The human brain both stores and processes information at the same time. Now computer scientists say they can do the same thing

The human brain is an extraordinary computing machine. Nobody understands exactly how it works its magic but part of the trick is the ability to store and process information at the same time.

That’s entirely unlike conventional computers which store information in random access memory or on hard disc and shuttle it back and forth as required to a central processing unit.

The time and energy all this takes is the thing that ultimately limits conventional computing performance, the so-called von Neumann bottleneck. Essentially, it is this that prevents conventional computers from approaching the performance of biological ones.

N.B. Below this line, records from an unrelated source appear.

lemma compactin_bounded_linear_functionals:
  "compactin (product_topology (\<lambda>_. euclideanreal) UNIV)
     {\<psi> :: 'v::real_normed_vector \<Rightarrow> real. linear \<psi> \<and> (\<forall>v. \<bar>\<psi> v\<bar> \<le> r * norm v)}"
proof -
  have "{\<psi> :: 'v \<Rightarrow> real. linear \<psi> \<and> (\<forall>v. \<bar>\<psi> v\<bar> \<le> r * norm v)}
      = {\<psi>. linear \<psi>} \<inter> (\<Pi>\<^sub>E v\<in>UNIV. cball 0 (r * norm v))"
    by (auto simp: PiE_iff)
  then show ?thesis
    by (simp add: closed_Int_compactin closedin_linear_functionals compactin_PiE)
qed

lemma continuous_map_evaluations_weak_c0:
  fixes z :: "nat \<Rightarrow> 'v::banach"
  assumes "bounded (range z)"
    and D: "\<And>\<psi>. \<psi> \<in> D \<Longrightarrow> bounded_linear \<psi> \<and> (\<lambda>n. \<psi> (z n)) \<longlonglongrightarrow> 0"
  shows "continuous_map (subtopology (product_topology (\<lambda>_. euclideanreal) UNIV) D)
           (weak_topology_on c0) (\<lambda>\<psi>. Bcontfun (\<lambda>n. \<psi> (z n)))"
proof (rule continuous_map_into_weak_topology_on)
  let ?Y = "subtopology (product_topology (\<lambda>_::'v. euclideanreal) UNIV) D"
  show "(\<lambda>\<psi>. Bcontfun (\<lambda>n. \<psi> (z n))) \<in> topspace ?Y \<rightarrow> c0"
    using D by (auto intro: Bcontfun_in_c0)
  fix f assume f: "f \<in> dual_on c0"
  obtain C where C: "\<And>n. norm (z n) \<le> C"
    using assms(1) by (auto simp: bounded_iff)
  define a where "a n = f (c0_unit n)" for n
  have summable: "summable (\<lambda>n. a n *\<^sub>R z n)"
  proof (rule summable_norm_cancel, rule summable_comparison_test'[where N = 0])
    show "summable (\<lambda>n. \<bar>a n\<bar> * C)"
      using summable_dual_on_c0_unit[OF f] unfolding a_def by (rule summable_mult2)
    show "norm (norm (a n *\<^sub>R z n)) \<le> \<bar>a n\<bar> * C" for n
      using C[of n] by (simp add: mult_left_mono)
  qed
  have eval: "f (Bcontfun (\<lambda>n. \<psi> (z n))) = \<psi> (\<Sum>n. a n *\<^sub>R z n)" if "\<psi> \<in> D" for \<psi>
  proof -
    have bl: "bounded_linear \<psi>" and null: "(\<lambda>n. \<psi> (z n)) \<longlonglongrightarrow> 0"
      using D[OF that] by auto
    have "(\<lambda>n. a n * \<psi> (z n)) sums f (Bcontfun (\<lambda>n. \<psi> (z n)))"
      using dual_on_c0_sums[OF f Bcontfun_in_c0[OF null]]
      by (simp add: a_def apply_Bcontfun_null_seq[OF null])
    moreover have "(\<lambda>n. \<psi> (a n *\<^sub>R z n)) sums \<psi> (\<Sum>n. a n *\<^sub>R z n)"
      using bounded_linear.sums[OF bl summable_sums[OF summable]] .
    ultimately show ?thesis
      using bl by (simp add: linear_scale[OF bounded_linear.linear] sums_unique2)
  qed
  have "continuous_map ?Y euclideanreal (\<lambda>\<psi>. \<psi> (\<Sum>n. a n *\<^sub>R z n))"
    by (intro continuous_map_from_subtopology continuous_map_product_projection) simp
  then show "continuous_map ?Y euclideanreal (f \<circ> (\<lambda>\<psi>. Bcontfun (\<lambda>n. \<psi> (z n))))"
    by (rule continuous_map_eq) (simp add: eval)
qed
(* There exists $\varepsilon_0 > 0$ such that if $\Omega \subset \mathbb{R}^2$ is a convex domain with area $|\Omega| = 1$ and $\mathcal{A}(\Omega) \leq \varepsilon_0$, and $u$ solves $-\Delta u = 1$ in $\Omega$ with $u = 0$ on $\partial\Omega$, then $$ \|\nabla u\|_{L^{\infty}(\Omega)} \leq 0.39 < \frac{1}{\sqrt{2\pi}}.$$
   Context: The Fraenkel asymmetry of $\Omega$ is $\mathcal{A}(\Omega) = \inf_{B} |B \,\Delta\, \Omega| / |\Omega|$, where the infimum is over all disks $B \subset \mathbb{R}^2$ with $|B| = |\Omega|$ and $B \,\Delta\, \Omega = (B\setminus\Omega)\cup(\Omega\setminus B)$ is the symmetric difference. *)

theory Defs
  imports "HOL-Analysis.Analysis"
begin

abbreviation area :: "(real^2) set \<Rightarrow> real" where
  "area S \<equiv> measure lebesgue S"

definition fraenkel_asymmetry :: "(real^2) set \<Rightarrow> real" where
  "fraenkel_asymmetry \<Omega> =
     Inf { area ((B - \<Omega>) \<union> (\<Omega> - B)) / area \<Omega> | B.
             (\<exists>c r. r > 0 \<and> B = ball c r) \<and> area B = area \<Omega> }"

text \<open>H x is the derivative of the gradient at x (the Hessian); the Laplacian is its trace.\<close>
definition torsion_solution ::
  "(real^2) set \<Rightarrow> (real^2 \<Rightarrow> real) \<Rightarrow> (real^2 \<Rightarrow> real^2) \<Rightarrow> bool" where
  "torsion_solution \<Omega> u g \<longleftrightarrow>
     continuous_on (closure \<Omega>) u \<and>
     (\<forall>x\<in>frontier \<Omega>. u x = 0) \<and>
     (\<forall>x\<in>\<Omega>. (u has_derivative (\<lambda>h. g x \<bullet> h)) (at x)) \<and>
     (\<exists>H. (\<forall>x\<in>\<Omega>. (g has_derivative H x) (at x)) \<and>
          (\<forall>i\<in>Basis. \<forall>j\<in>Basis. continuous_on \<Omega> (\<lambda>x. H x i \<bullet> j)) \<and>
          (\<forall>x\<in>\<Omega>. - (\<Sum>i\<in>Basis. H x i \<bullet> i) = 1))"

end

theory Submission
  imports Defs
begin

text \<open>If the Fraenkel asymmetry of a convex \<open>\<Omega>\<close> of unit area is small, \<open>\<Omega>\<close> lies in a thin
  annulus \<open>ball c r \<subseteq> \<Omega> \<subseteq> ball c R\<close> around the disk of area 1: otherwise convexity
  would force a whole small disk into the symmetric difference. At a boundary point \<open>p\<close> with
  supporting half-plane \<open>{(y - p) \<bullet> \<nu> \<ge> 0}\<close> the barrier
  \<open>v y = (R'\<^sup>2 - |y - p - R' \<nu>|\<^sup>2) / 4 + (s\<^sup>2 / 2) ln (|y - p + s \<nu>|\<^sup>2 / s\<^sup>2)\<close>
  satisfies \<open>-\<Delta>v = 1\<close>, because the logarithm is harmonic in the plane. For \<open>R'\<close> slightly larger
  than \<open>R\<close> and \<open>s\<close> a multiple of the width \<open>sqrt (R\<^sup>2 - r\<^sup>2)\<close>, \<open>v\<close> is nonnegative on the annulus
  and \<open>v y \<le> L |y - p| + |y - p|\<^sup>2 / 2\<close> with \<open>L = R' / 2 + s\<close>; the maximum principle gives
  \<open>u \<le> v\<close>. Comparing \<open>u\<close> with its translate \<open>u (\<cdot> + h)\<close> on \<open>\<Omega> \<inter> (\<Omega> - h)\<close>, where both
  solve the same equation, the maximum principle once more yields
  \<open>u (x + h) - u x \<le> L |h| + |h|\<^sup>2 / 2\<close>, hence \<open>|\<nabla>u| \<le> L\<close>; with \<open>R \<approx> 1 / sqrt pi\<close>
  this is below \<open>0.39\<close>.\<close>

section \<open>The weak maximum principle\<close>

lemma local_max_imp_second_deriv_nonpos:
  fixes \<phi> \<psi> :: "real \<Rightarrow> real"
  assumes d: "d > 0"
    and der: "\<And>\<tau>. \<bar>\<tau>\<bar> < d \<Longrightarrow> (\<phi> has_real_derivative \<psi> \<tau>) (at \<tau>)"
    and der2: "(\<psi> has_real_derivative a) (at 0)"
    and max: "\<And>\<tau>. \<bar>\<tau>\<bar> < d \<Longrightarrow> \<phi> \<tau> \<le> \<phi> 0"
  shows "a \<le> 0"
proof (rule ccontr)
  assume "\<not> a \<le> 0"
  then have "a > 0" by simp
  have "\<psi> 0 = 0"
    using DERIV_local_max[OF der[of 0] d] max d by force
  moreover obtain d' where d': "d' > 0" "\<And>h. h > 0 \<Longrightarrow> h < d' \<Longrightarrow> \<psi> 0 < \<psi> (0 + h)"
    using DERIV_pos_inc_right[OF der2 \<open>a > 0\<close>] by blast
  moreover define \<tau> where "\<tau> = min d d' / 2"
  ultimately have \<tau>: "0 < \<tau>" "\<tau> < d" "\<And>h. 0 < h \<Longrightarrow> h < \<tau> \<Longrightarrow> \<psi> h > 0"
    using d by (auto simp: \<tau>_def)
  obtain \<xi> where \<xi>: "0 < \<xi>" "\<xi> < \<tau>" "\<phi> \<tau> - \<phi> 0 = (\<tau> - 0) * \<psi> \<xi>"
    using MVT2[of 0 \<tau> \<phi> \<psi>] \<tau> der by force
  moreover have "\<psi> \<xi> > 0" using \<tau>(3) \<xi> by blast
  ultimately have "\<phi> \<tau> > \<phi> 0" using \<tau>(1) by (smt (verit) mult_pos_pos)
  with max[of \<tau>] \<tau> show False by simp
qed

lemma local_max_imp_laplacian_nonpos:
  fixes f :: "'a::euclidean_space \<Rightarrow> real"
  assumes r: "r > 0"
    and df: "\<And>x. x \<in> ball z r \<Longrightarrow> (f has_derivative (\<lambda>h. G x \<bullet> h)) (at x)"
    and dG: "(G has_derivative K) (at z)"
    and max: "\<And>x. x \<in> ball z r \<Longrightarrow> f x \<le> f z"
  shows "(\<Sum>i\<in>Basis. K i \<bullet> i) \<le> 0"
proof (rule sum_nonpos)
  fix e :: 'a assume "e \<in> Basis"
  have line: "z + \<tau> *\<^sub>R e \<in> ball z r" if "\<bar>\<tau>\<bar> < r" for \<tau>
    using that \<open>e \<in> Basis\<close> by (simp add: dist_norm)
  have dline: "((\<lambda>\<tau>. z + \<tau> *\<^sub>R e) has_derivative (\<lambda>t. t *\<^sub>R e)) (at \<tau>)" for \<tau>
    by (auto intro!: derivative_eq_intros)
  have "((\<lambda>\<tau>. f (z + \<tau> *\<^sub>R e)) has_real_derivative G (z + \<tau> *\<^sub>R e) \<bullet> e) (at \<tau>)"
    if "\<bar>\<tau>\<bar> < r" for \<tau>
    using diff_chain_at[OF dline df[OF line[OF that]]] unfolding has_field_derivative_def o_def
    by (rule has_derivative_eq_rhs) (simp add: fun_eq_iff)
  moreover have "((\<lambda>\<tau>. G (z + \<tau> *\<^sub>R e) \<bullet> e) has_real_derivative K e \<bullet> e) (at 0)"
  proof -
    have "((G \<circ> (\<lambda>\<tau>. z + \<tau> *\<^sub>R e)) has_derivative (K \<circ> (\<lambda>t. t *\<^sub>R e))) (at 0)"
      using diff_chain_at[OF dline, of G K 0] dG by simp
    from has_derivative_inner_left[OF this[unfolded o_def], of e]
    show ?thesis unfolding has_field_derivative_def
      by (rule has_derivative_eq_rhs)
        (simp add: fun_eq_iff linear_scale[OF has_derivative_linear[OF dG]])
  qed
  ultimately show "K e \<bullet> e \<le> 0"
    using local_max_imp_second_deriv_nonpos[OF r] max line by force
qed
lemma orlicz_norm_AE_zero: "AE x in M. g x = 0 \<Longrightarrow> N g = 0"
proof -
  assume "AE x in M. g x = 0"
  then have "modular (\<lambda>x. \<bar>g x\<bar> / l) = 0" for l
    by (intro modular_AE_zero) auto
  then have "{l. 0 < l \<and> modular (\<lambda>x. \<bar>g x\<bar> / l) \<le> 1} = {0<..}"
    by auto
  then show ?thesis
    by (simp add: orlicz_norm_eq_Inf_modular)
qed

lemma Phi_mult_emeasure_le_modular:
  assumes [measurable]: "g \<in> borel_measurable M" and "0 \<le> t"
  shows "ennreal (\<Phi> t) * emeasure M {x \<in> space M. t \<le> \<bar>g x\<bar>} \<le> modular g"
proof -
  have "ennreal (\<Phi> t) * emeasure M {x \<in> space M. t \<le> \<bar>g x\<bar>}
      = (\<integral>\<^sup>+ x. ennreal (\<Phi> t) * indicator {x \<in> space M. t \<le> \<bar>g x\<bar>} x \<partial>M)"
    by (simp add: nn_integral_cmult_indicator)
  also have "\<dots> \<le> modular g"
    unfolding modular_def
    using \<open>0 \<le> t\<close>
    by (intro nn_integral_mono) (auto simp: indicator_def intro!: ennreal_leI Phi_mono)
  finally show ?thesis .
qed

lemma AE_zero_if_orlicz_norm_zero:
  assumes g: "g \<in> L_Phi M \<Phi>" and "N g = 0"
  shows "AE x in M. g x = 0"
proof -
  have [measurable]: "g \<in> borel_measurable M"
    using g by (simp add: L_Phi_iff)
  have null: "emeasure M {x \<in> space M. e \<le> \<bar>g x\<bar>} = 0" if "0 < e" for e
  proof -
    let ?A = "{x \<in> space M. e \<le> \<bar>g x\<bar>}"
    have bound: "ennreal (\<Phi> t) * emeasure M ?A \<le> 1" if "0 < t" for t
    proof -
      have "modular (\<lambda>x. \<bar>g x\<bar> / (e / t)) \<le> 1"
        by (rule modular_le_1_if_orlicz_norm_less[OF g])
          (use \<open>N g = 0\<close> \<open>0 < e\<close> \<open>0 < t\<close> in simp)
      moreover have "{x \<in> space M. t \<le> \<bar>\<bar>g x\<bar> / (e / t)\<bar>} = ?A"
        using \<open>0 < e\<close> \<open>0 < t\<close> by (auto simp: field_simps)
      ultimately show ?thesis
        using Phi_mult_emeasure_le_modular[of "\<lambda>x. \<bar>g x\<bar> / (e / t)" t] \<open>0 < t\<close> by simp
    qed
    show ?thesis
    proof (rule ccontr)
      assume "emeasure M ?A \<noteq> 0"
      moreover have "emeasure M ?A \<noteq> \<infinity>"
        using bound[of 1] Phi_pos[of 1] by (auto simp: ennreal_mult_top top_unique)
      ultimately obtain a where a: "emeasure M ?A = ennreal a" "0 < a"
        by (cases "emeasure M ?A") (auto simp: not_less)
      obtain t where t: "1 / a < \<Phi> t"
        using Phi_unbounded by blast
      then have "t \<noteq> 0"
        using a(2) Phi_zero by auto
      then have "\<Phi> t * a \<le> 1"
        using bound[of "\<bar>t\<bar>"] a Phi_nonneg by (simp add: ennreal_mult[symmetric])
      with t a(2) show False
        by (simp add: field_simps)
    qed
  qed
  have "AE x in M. \<forall>i::nat. \<bar>g x\<bar> < 1 / Suc i"
    unfolding AE_all_countable
  proof
    fix i :: nat
    show "AE x in M. \<bar>g x\<bar> < 1 / Suc i"
      using null[of "1 / Suc i"] by (subst AE_iff_measurable[OF _ refl]) (auto simp: not_less)
  qed
  then show ?thesis
  proof eventually_elim
    case (elim x)
    show "g x = 0"
    proof (rule ccontr)
      assume "g x \<noteq> 0"
      then obtain i where "1 / Suc i < \<bar>g x\<bar>"
        using reals_Archimedean[of "\<bar>g x\<bar>"] by (auto simp: inverse_eq_divide)
      with elim show False
        by (meson less_asym)
    qed
  qed
qed

lemma orlicz_norm_mult_le:
  assumes f: "f \<in> L_Phi M \<Phi>" and "c \<noteq> 0"
  shows "N (\<lambda>x. c * f x) \<le> \<bar>c\<bar> * N f"
proof -
  have "N (\<lambda>x. c * f x) / \<bar>c\<bar> \<le> l" if "N f < l" for l
  proof -
    have "0 < l"
      using orlicz_norm_nonneg[OF f] that by simp
    moreover have "(\<lambda>x. \<bar>c * f x\<bar> / (\<bar>c\<bar> * l)) = (\<lambda>x. \<bar>f x\<bar> / l)"
      using \<open>c \<noteq> 0\<close> by (auto simp: abs_mult)
    ultimately have "N (\<lambda>x. c * f x) \<le> \<bar>c\<bar> * l"
      using modular_le_1_if_orlicz_norm_less[OF f that] \<open>c \<noteq> 0\<close> by (intro orlicz_norm_le) auto
    then show ?thesis
      using \<open>c \<noteq> 0\<close> by (simp add: field_simps)
  qed
  then have "N (\<lambda>x. c * f x) / \<bar>c\<bar> \<le> N f"
    by (rule dense_ge)
  then show ?thesis
    using \<open>c \<noteq> 0\<close> by (simp add: field_simps)
qed

lemma orlicz_norm_mult:
  assumes f: "f \<in> L_Phi M \<Phi>"
  shows "N (\<lambda>x. c * f x) = \<bar>c\<bar> * N f"
proof (cases "c = 0")
  case True
  then show ?thesis
    by (simp add: orlicz_norm_AE_zero)
next
  case False
  have "N f = N (\<lambda>x. (1 / c) * (c * f x))"
    using False by simp
  also have "\<dots> \<le> \<bar>1 / c\<bar> * N (\<lambda>x. c * f x)"
    using False by (intro orlicz_norm_mult_le mult_in_L_Phi f) simp
  finally have "\<bar>c\<bar> * N f \<le> N (\<lambda>x. c * f x)"
    using False by (simp add: field_simps)
  with orlicz_norm_mult_le[OF f False] show ?thesis
    by simp
qed

lemma orlicz_norm_add_le_sum:
  assumes f: "f \<in> L_Phi M \<Phi>" and g: "g \<in> L_Phi M \<Phi>" and "N f < l1" "N g < l2"
  shows "N (\<lambda>x. f x + g x) \<le> k ^ 2 * (l1 + l2)"
proof -
  have [measurable]: "f \<in> borel_measurable M" "g \<in> borel_measurable M"
    using f g by (auto simp: L_Phi_iff)
  have "0 < l1" "0 < l2"
    using assms orlicz_norm_nonneg[OF f] orlicz_norm_nonneg[OF g] by linarith+
  define L where "L = k ^ 2 * (l1 + l2)"
  have "0 < L"
    using \<open>0 < l1\<close> \<open>0 < l2\<close> k_pos by (simp add: L_def)
  have quarter: "modular (\<lambda>x. h x / L) \<le> ennreal ((1/2) ^ 2)"
    if [measurable]: "h \<in> borel_measurable M" and "0 < l" "l \<le> l1 + l2"
      and "modular (\<lambda>x. \<bar>h x\<bar> / l) \<le> 1" for h l
  proof -
    have "modular (\<lambda>x. \<bar>h x\<bar> / (l1 + l2)) \<le> 1"
      using that by (blast intro: modular_le_1_mono)
    then have "modular (\<lambda>x. \<bar>h x\<bar> / L) \<le> ennreal ((1/2) ^ 2)"
      unfolding L_def using \<open>0 < l\<close> \<open>l \<le> l1 + l2\<close> by (intro modular_div_power_le) auto
    then show ?thesis
      using modular_abs[of "\<lambda>x. h x / L"] \<open>0 < L\<close> by simp
  qed
  have "modular (\<lambda>x. \<bar>f x + g x\<bar> / L) = modular (\<lambda>x. \<bar>f x / L + g x / L\<bar>)"
    using \<open>0 < L\<close> by (simp add: add_divide_distrib[symmetric])
  also have "\<dots> = modular (\<lambda>x. f x / L + g x / L)"
    by (rule modular_abs)
  also have "\<dots> \<le> 2 * modular (\<lambda>x. f x / L) + 2 * modular (\<lambda>x. g x / L)"
    by (rule modular_add_le) measurable
  also have "\<dots> \<le> 2 * ennreal ((1/2) ^ 2) + 2 * ennreal ((1/2) ^ 2)"
    using \<open>0 < l1\<close> \<open>0 < l2\<close> modular_le_1_if_orlicz_norm_less[OF f \<open>N f < l1\<close>]
      modular_le_1_if_orlicz_norm_less[OF g \<open>N g < l2\<close>]
    by (intro add_mono mult_left_mono quarter) auto
  also have "\<dots> = 1"
  proof -
    have "2 * ennreal ((1/2) ^ 2) = ennreal 2 * ennreal ((1/2) ^ 2)"
      by simp
    also have "\<dots> = ennreal (1/2)"
      by (subst ennreal_mult[symmetric]) (auto simp: power2_eq_square)
    finally have half: "2 * ennreal ((1/2) ^ 2) = ennreal (1/2)" .
    have "ennreal (1/2) + ennreal (1/2) = 1"
      by (subst ennreal_plus[symmetric]) auto
    then show ?thesis
      by (simp only: half)
  qed
  finally show ?thesis
    unfolding L_def using \<open>0 < L\<close> L_def by (intro orlicz_norm_le) auto
qed

lemma orlicz_norm_add_le:
  assumes f: "f \<in> L_Phi M \<Phi>" and g: "g \<in> L_Phi M \<Phi>"
  shows "N (\<lambda>x. f x + g x) \<le> k ^ 2 * (N f + N g)"
proof (rule field_le_epsilon)
  fix e :: real
  assume "0 < e"
  define d where "d = e / (2 * k ^ 2)"
  have "0 < d"
    using \<open>0 < e\<close> k_pos by (simp add: d_def)
  then have "N (\<lambda>x. f x + g x) \<le> k ^ 2 * ((N f + d) + (N g + d))"
    by (intro orlicz_norm_add_le_sum f g) auto
  also have "\<dots> = k ^ 2 * (N f + N g) + e"
    using k_pos by (simp add: d_def field_simps)
  finally show "N (\<lambda>x. f x + g x) \<le> k ^ 2 * (N f + N g) + e" .
qed

lemma AE_convergent_if_modular_diff_le:
  assumes [measurable]: "\<And>j. G j \<in> borel_measurable M"
    and diff: "\<And>j. modular (\<lambda>x. G (Suc j) x - G j x) \<le> ennreal ((1/2) ^ j)"
  shows "AE x in M. convergent (\<lambda>j. G j x)"
proof -
  define d where "d j = (\<lambda>x. G (Suc j) x - G j x)" for j
  have [measurable]: "d j \<in> borel_measurable M" for j
    unfolding d_def by measurable
  have "(\<integral>\<^sup>+ x. (\<Sum>j. ennreal (\<Phi> (d j x))) \<partial>M) = (\<Sum>j. modular (d j))"
    unfolding modular_def by (rule nn_integral_suminf) measurable
  also have "\<dots> \<le> (\<Sum>j. ennreal ((1/2) ^ j))"
    using diff unfolding d_def by (rule suminf_le) simp_all
  also have "\<dots> = ennreal (\<Sum>j. (1/2) ^ j)"
    by (rule suminf_ennreal2) (simp_all add: summable_geometric)
  also have "\<dots> < \<infinity>"
    by simp
  finally have "(\<integral>\<^sup>+ x. (\<Sum>j. ennreal (\<Phi> (d j x))) \<partial>M) \<noteq> \<infinity>"
    by simp
  then have "AE x in M. (\<Sum>j. ennreal (\<Phi> (d j x))) \<noteq> \<infinity>"
    by (intro nn_integral_noteq_infinite) measurable
  then show ?thesis
  proof eventually_elim
    case (elim x)
    then have "summable (\<lambda>j. \<Phi> (d j x))"
      using Phi_nonneg by (intro summable_suminf_not_top) auto
    then have "summable (\<lambda>j. d j x)"
      by (rule summable_of_summable_Phi)
    moreover have "(\<lambda>j. G j x) = (\<lambda>j. G 0 x + (\<Sum>i<j. d i x))"
      using sum_lessThan_telescope[of "\<lambda>i. G i x"] by (simp add: d_def)
    ultimately show ?case
      by (simp add: summable_iff_convergent convergent_add_const_iff)
  qed
qed

lemma modular_le_if_AE_tendsto:
  assumes [measurable]: "\<And>j. g j \<in> borel_measurable M" "f \<in> borel_measurable M"
    and "AE x in M. (\<lambda>j. g j x) \<longlonglongrightarrow> f x"
    and "eventually (\<lambda>j. modular (g j) \<le> B) sequentially"
  shows "modular f \<le> B"
proof -
  have "modular f = (\<integral>\<^sup>+ x. liminf (\<lambda>j. ennreal (\<Phi> (g j x))) \<partial>M)"
    unfolding modular_def
  proof (rule nn_integral_cong_AE)
    show "AE x in M. ennreal (\<Phi> (f x)) = liminf (\<lambda>j. ennreal (\<Phi> (g j x)))"
      using assms(3)
    proof eventually_elim
      case (elim x)
      then have "(\<lambda>j. ennreal (\<Phi> (g j x))) \<longlonglongrightarrow> ennreal (\<Phi> (f x))"
        by (intro tendsto_ennrealI isCont_tendsto_compose[OF isCont_Phi])
      then show ?case
        by (intro lim_imp_Liminf[symmetric]) simp_all
    qed
  qed
  also have "\<dots> \<le> liminf (\<lambda>j. modular (g j))"
    unfolding modular_def by (rule nn_integral_liminf) measurable
  also have "\<dots> \<le> B"
    using assms(4) by (intro Liminf_le) simp_all
  finally show ?thesis .
qed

All that may be about to change. Today, Max Di Ventra at the University of California, San Diego and Yuriy Pershin at the University of South Carolina, Columbia, outline an emerging form of computation called memcomputing based on the recent discovery of nanoscale electronic components that both store and process information at the same time.

At the heart of this new form of computing are the memristor, memcapacitor and meminductor, fundamental electronic components that store information while operating as resistors, capacitors and inductors respectively.

These devices were predicted theoretically in the 1970s but only manufactured for the first time in 2008, so they are new kids on the electronics block.

Physicists immediately recognised the ability of so-called memelements to mimic biological computing and various groups have designed and built chips to exploit this idea, here for example .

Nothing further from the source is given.